RECORDS ::
text \<open>The image of R cannot be split into a part of arc j containing interior points and a
  closed remainder B touching it in a single endpoint: folding B onto that endpoint would
  give a non-constant map of R into arc j that differs from the embedding.\<close>
lemma no_fold_onto_arc:
  assumes f: "continuous_map (top_of_set R) Y f" and j: "j \<in> Zn"
    and B: "closedin Y B" and cover: "f`R \<subseteq> arc j \<union> B"
    and overlap: "\<And>c. c \<in> f`R \<Longrightarrow> c \<in> arc j \<Longrightarrow> c \<in> B \<Longrightarrow> c = u"
    and u: "u \<in> f`R" "u = pt j b1 \<or> u = pt j b2"
    and p: "p \<in> f`R" "p \<in> arc_interior j" and y: "y \<in> f`R" "y \<notin> arc j"
  shows False
proof -
  let ?fold = "\<lambda>c. if c \<in> arc j then c else u"
  have fR: "f`R \<subseteq> topspace Y" using f by (auto simp: continuous_map_def)
  have uC: "u \<in> arc j" using u b1R b2R unfolding arc_def by auto
  have "continuous_map (subtopology Y (f`R)) Y ?fold"
    by (rule continuous_map_collapse_closed[OF closedin_arc[OF j] B cover fR overlap]) (use u fR in auto)
  moreover have "continuous_map (top_of_set R) (subtopology Y (f`R)) f"
    using f by (intro continuous_map_into_subtopology) (auto simp: Pi_iff)
  ultimately have g: "continuous_map (top_of_set R) Y (?fold \<circ> f)"
    using continuous_map_compose by blast
  have gR: "(?fold \<circ> f) ` R \<subseteq> pt j ` R" using uC unfolding arc_def by auto
  have inj: "inj_on (pt j) R" using pt_inj[OF j] by (auto simp: inj_on_def)
  obtain a b c where abc: "a \<in> R" "p = f a" "b \<in> R" "y = f b" "c \<in> R" "u = f c" using p y u by auto
  have "(?fold \<circ> f) a \<noteq> (?fold \<circ> f) b"
    using abc p y arc_interior_not_endpoint[OF j p(2)] u(2) arc_interior_subset by auto
  from de_Groot_map_into_copy[OF dG Hausdorff_space_Y continuous_map_pt[OF j] inj g gR abc(1,3) this]
  have "\<forall>t\<in>R. ?fold (f t) = pt j t" by simp
  then have "pt j b = pt j c" using abc y uC by metis
  then have "b = c" using pt_inj[OF j abc(3,5)] by simp
  then show False using abc y uC by simp
qed

definition spills :: "(int \<times> 'a) set set \<Rightarrow> int \<Rightarrow> bool" where
  "spills K j \<longleftrightarrow> K \<inter> arc_interior j \<noteq> {} \<and> \<not> K \<subseteq> arc j"

text \<open>If the image spills out of arc j, it contains both endpoints of arc j; otherwise
  connectedness or \<open>no_fold_onto_arc\<close> (with B the other arcs) is violated.\<close>
lemma spills_endpoint:
  assumes f: "continuous_map (top_of_set R) Y f" and j: "j \<in> Zn" and sp: "spills (f`R) j"
    and uu: "{u, u'} = {pt j b1, pt j b2}"
  shows "u \<in> f`R"
proof (rule ccontr)
  assume u: "u \<notin> f`R"
  obtain p y where p: "p \<in> f`R" "p \<in> arc_interior j" and y: "y \<in> f`R" "y \<notin> arc j"
    using sp unfolding spills_def by auto
  have uu': "(u = pt j b1 \<and> u' = pt j b2) \<or> (u = pt j b2 \<and> u' = pt j b1)"
    using uu by (simp add: doubleton_eq_iff)
  have cover: "f`R \<subseteq> arc j \<union> other_arcs j"
    using f Union_arc unfolding other_arcs_def by (auto simp: continuous_map_def)
  show False
  proof (cases "u' \<in> f`R")
    case True
    show False
    proof (rule no_fold_onto_arc[OF f j _ cover _ True _ p y])
      show "closedin Y (other_arcs j)" unfolding other_arcs_def by (rule closedin_Union_arcs) auto
      show "c = u'" if "c \<in> f`R" "c \<in> arc j" "c \<in> other_arcs j" for c
        using arc_inter_other_arcs[OF j] that u uu' by blast
    qed (use uu' in blast)
  next
    case False
    have "arc j \<inter> other_arcs j \<inter> f`R = {}" using arc_inter_other_arcs[OF j] u False uu' by blast
    moreover have "arc j \<inter> f`R \<noteq> {}" using p arc_interior_subset by auto
    moreover have "other_arcs j \<inter> f`R \<noteq> {}" using y cover by auto
    moreover have "connectedin Y (f`R)"
      using connectedin_continuous_map_image[OF f] R_connected_space connectedin_topspace
      by (metis topspace_euclidean_subtopology)
    ultimately show False using closedin_arc[OF j] closedin_Union_arcs[of "Zn - {j}"] cover
      unfolding connectedin_closedin other_arcs_def by blast
  qed
qed

lemma spills_endpoints:
  assumes "continuous_map (top_of_set R) Y f" "j \<in> Zn" "spills (f`R) j"
  shows "pt j b1 \<in> f`R" "pt j b2 \<in> f`R"
  using spills_endpoint[OF assms, of "pt j b1" "pt j b2"] spills_endpoint[OF assms, of "pt j b2" "pt j b1"]
  by auto

text \<open>Spilling propagates around the cycle: if the image avoided the interior of arc \<open>j+1\<close>,
  the far arcs would meet arc j only in \<open>[j,b\<^sub>1]\<close>, contradicting \<open>no_fold_onto_arc\<close>.\<close>
lemma spills_nxt:
  assumes f: "continuous_map (top_of_set R) Y f" and j: "j \<in> Zn" and sp: "spills (f`R) j"
  shows "spills (f`R) (nxt j)"
proof -
  obtain p y where p: "p \<in> f`R" "p \<in> arc_interior j" and y: "y \<in> f`R" "y \<notin> arc j"
    using sp unfolding spills_def by auto
  have meets: "f`R \<inter> arc_interior (nxt j) \<noteq> {}"
  proof
    assume miss: "f`R \<inter> arc_interior (nxt j) = {}"
    have "f`R \<subseteq> topspace Y" using f by (auto simp: continuous_map_def)
    from subset_arc_far_arcs[OF j this miss] have cover: "f`R \<subseteq> arc j \<union> far_arcs j" .
    show False
    proof (rule no_fold_onto_arc[OF f j _ cover _ spills_endpoints(1)[OF f j sp] _ p y])
      show "closedin Y (far_arcs j)" unfolding far_arcs_def by (rule closedin_Union_arcs) auto
      show "c = pt j b1" if "c \<in> f`R" "c \<in> arc j" "c \<in> far_arcs j" for c
        using arc_inter_far_arcs[OF j] that by blast
    qed simp
  qed
  moreover have "\<not> f`R \<subseteq> arc (nxt j)"
    using arc_interior_disjoint[OF j nxt_in[OF j] nxt_ne[OF j]] p by auto
  ultimately show ?thesis unfolding spills_def by auto
qed

lemma spills_everywhere:
  assumes f: "continuous_map (top_of_set R) Y f" and j: "j \<in> Zn" and sp: "spills (f`R) j"
    and i: "i \<in> Zn"
  shows "spills (f`R) i"
proof -
  have "spills (f`R) ((j + int m) mod int n)" for m
  proof (induction m)
    case 0 then show ?case using sp j by (simp add: mod_pos_pos_trivial)
  next
    case (Suc m)
    have "(j + int m) mod int n \<in> Zn" using n2 by auto
    moreover have "nxt ((j + int m) mod int n) = (j + int (Suc m)) mod int n"
      unfolding mod_add_left_eq by (simp add: algebra_simps)
    ultimately show ?case using spills_nxt[OF f _ Suc.IH] by metis
  qed
  moreover have "(j + int (nat ((i - j) mod int n))) mod int n = i"
    using i n2 by (simp add: mod_add_right_eq)
  ultimately show ?thesis by metis
qed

YOUR GOAL ::
Among the entries, copy every line containing the word "proof".

RESULT ::
proof -
proof (rule ccontr)
  proof (cases "u' \<in> f`R")
    proof (rule no_fold_onto_arc[OF f j _ cover _ True _ p y])
proof -
  proof
    proof (rule no_fold_onto_arc[OF f j _ cover _ spills_endpoints(1)[OF f j sp] _ p y])
proof -
  proof (induction m)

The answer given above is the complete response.